(Stored data)
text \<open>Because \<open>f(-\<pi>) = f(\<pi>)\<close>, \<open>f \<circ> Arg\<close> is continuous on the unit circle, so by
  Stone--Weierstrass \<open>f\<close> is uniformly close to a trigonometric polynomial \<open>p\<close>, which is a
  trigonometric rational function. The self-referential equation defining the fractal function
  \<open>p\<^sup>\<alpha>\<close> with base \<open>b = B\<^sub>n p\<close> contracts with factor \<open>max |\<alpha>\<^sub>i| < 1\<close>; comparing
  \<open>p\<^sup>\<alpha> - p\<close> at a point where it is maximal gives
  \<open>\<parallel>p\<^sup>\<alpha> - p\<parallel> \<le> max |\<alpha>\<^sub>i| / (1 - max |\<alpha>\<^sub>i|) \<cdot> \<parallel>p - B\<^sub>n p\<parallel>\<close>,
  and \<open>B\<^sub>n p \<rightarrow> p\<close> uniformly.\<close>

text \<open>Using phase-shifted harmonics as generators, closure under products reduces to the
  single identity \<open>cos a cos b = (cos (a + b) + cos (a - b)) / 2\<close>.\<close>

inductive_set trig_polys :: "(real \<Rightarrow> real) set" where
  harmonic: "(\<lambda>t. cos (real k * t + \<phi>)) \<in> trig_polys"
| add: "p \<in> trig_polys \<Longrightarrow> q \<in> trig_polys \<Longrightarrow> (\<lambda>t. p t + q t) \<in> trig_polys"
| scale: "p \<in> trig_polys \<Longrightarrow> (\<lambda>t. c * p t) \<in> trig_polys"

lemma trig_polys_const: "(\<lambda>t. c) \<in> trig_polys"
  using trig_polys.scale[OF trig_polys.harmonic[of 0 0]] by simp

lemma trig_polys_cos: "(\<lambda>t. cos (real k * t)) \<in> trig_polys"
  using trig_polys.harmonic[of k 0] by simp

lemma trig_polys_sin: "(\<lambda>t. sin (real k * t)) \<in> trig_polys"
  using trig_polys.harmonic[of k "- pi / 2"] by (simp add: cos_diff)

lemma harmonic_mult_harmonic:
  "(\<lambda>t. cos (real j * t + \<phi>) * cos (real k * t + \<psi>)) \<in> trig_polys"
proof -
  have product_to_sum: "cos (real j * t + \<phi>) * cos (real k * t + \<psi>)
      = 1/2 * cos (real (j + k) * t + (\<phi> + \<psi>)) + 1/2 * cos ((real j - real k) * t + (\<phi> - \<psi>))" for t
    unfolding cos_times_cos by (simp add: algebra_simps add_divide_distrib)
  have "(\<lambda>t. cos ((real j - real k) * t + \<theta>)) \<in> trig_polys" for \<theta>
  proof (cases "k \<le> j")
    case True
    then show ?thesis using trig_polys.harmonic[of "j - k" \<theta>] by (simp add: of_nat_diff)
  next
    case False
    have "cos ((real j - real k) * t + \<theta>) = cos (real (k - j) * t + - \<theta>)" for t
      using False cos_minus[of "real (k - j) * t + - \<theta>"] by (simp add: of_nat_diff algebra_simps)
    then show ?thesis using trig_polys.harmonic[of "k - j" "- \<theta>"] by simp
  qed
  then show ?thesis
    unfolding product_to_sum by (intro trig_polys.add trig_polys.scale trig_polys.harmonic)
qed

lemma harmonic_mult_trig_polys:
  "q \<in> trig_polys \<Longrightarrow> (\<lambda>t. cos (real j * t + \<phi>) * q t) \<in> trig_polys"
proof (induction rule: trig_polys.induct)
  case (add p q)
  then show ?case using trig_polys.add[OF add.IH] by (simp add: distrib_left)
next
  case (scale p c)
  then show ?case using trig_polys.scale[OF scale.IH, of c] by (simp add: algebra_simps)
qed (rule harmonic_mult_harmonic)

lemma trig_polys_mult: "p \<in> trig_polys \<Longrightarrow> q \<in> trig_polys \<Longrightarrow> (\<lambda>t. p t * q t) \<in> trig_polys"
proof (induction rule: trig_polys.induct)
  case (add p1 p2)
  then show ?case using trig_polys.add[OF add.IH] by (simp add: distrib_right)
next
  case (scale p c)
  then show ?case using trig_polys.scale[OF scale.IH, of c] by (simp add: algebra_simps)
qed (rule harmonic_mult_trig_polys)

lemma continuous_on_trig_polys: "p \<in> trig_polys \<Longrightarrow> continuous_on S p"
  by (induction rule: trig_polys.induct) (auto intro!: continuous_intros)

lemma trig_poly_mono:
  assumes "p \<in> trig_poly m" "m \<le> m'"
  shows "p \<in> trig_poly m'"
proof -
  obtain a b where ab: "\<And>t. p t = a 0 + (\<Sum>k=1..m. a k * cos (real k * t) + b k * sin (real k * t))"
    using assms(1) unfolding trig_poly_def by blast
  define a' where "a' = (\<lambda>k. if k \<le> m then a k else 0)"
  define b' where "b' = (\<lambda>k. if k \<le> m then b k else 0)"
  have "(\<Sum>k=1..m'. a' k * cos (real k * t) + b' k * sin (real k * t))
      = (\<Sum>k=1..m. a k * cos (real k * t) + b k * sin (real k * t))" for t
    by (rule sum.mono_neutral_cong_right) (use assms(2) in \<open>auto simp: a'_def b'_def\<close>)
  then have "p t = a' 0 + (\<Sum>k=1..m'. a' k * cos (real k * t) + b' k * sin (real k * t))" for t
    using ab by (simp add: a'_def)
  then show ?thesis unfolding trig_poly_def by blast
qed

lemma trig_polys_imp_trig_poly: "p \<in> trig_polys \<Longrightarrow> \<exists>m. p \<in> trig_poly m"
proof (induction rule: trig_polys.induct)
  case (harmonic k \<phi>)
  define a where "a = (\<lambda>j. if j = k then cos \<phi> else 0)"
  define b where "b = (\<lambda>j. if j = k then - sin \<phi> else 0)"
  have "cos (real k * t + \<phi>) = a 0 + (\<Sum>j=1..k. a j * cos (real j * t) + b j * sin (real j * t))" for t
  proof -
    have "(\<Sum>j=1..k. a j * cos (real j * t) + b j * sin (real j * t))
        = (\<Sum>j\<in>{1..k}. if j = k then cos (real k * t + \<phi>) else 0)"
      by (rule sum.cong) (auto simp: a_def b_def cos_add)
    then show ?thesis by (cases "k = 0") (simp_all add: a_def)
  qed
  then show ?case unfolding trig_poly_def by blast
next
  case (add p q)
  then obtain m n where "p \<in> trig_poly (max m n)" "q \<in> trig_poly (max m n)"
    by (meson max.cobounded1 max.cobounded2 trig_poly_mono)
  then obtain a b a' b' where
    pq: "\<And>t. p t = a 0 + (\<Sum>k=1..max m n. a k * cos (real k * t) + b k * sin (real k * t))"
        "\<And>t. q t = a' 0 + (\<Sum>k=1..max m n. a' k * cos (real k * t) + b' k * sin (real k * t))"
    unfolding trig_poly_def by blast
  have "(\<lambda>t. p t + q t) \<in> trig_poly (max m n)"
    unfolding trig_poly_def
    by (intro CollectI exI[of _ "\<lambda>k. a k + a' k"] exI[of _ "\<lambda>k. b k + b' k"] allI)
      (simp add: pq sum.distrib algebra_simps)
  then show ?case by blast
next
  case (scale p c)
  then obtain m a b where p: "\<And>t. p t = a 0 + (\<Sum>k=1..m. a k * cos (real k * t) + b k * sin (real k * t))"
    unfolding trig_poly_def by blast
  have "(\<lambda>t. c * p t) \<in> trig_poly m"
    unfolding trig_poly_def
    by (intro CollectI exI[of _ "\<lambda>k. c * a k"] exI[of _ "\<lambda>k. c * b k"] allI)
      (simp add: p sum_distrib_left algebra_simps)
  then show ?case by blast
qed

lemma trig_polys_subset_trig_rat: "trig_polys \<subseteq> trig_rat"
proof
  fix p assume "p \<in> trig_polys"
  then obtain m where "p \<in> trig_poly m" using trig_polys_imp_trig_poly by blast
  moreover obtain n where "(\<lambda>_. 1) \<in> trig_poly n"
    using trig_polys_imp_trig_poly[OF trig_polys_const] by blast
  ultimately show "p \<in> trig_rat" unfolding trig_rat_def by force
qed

» WHAT TO WORK ON
Scan the entries above for the string "text", and copy every line where it turns up.

» ANSWER BOX
text \<open>Because \<open>f(-\<pi>) = f(\<pi>)\<close>, \<open>f \<circ> Arg\<close> is continuous on the unit circle, so by
text \<open>Using phase-shifted harmonics as generators, closure under products reduces to the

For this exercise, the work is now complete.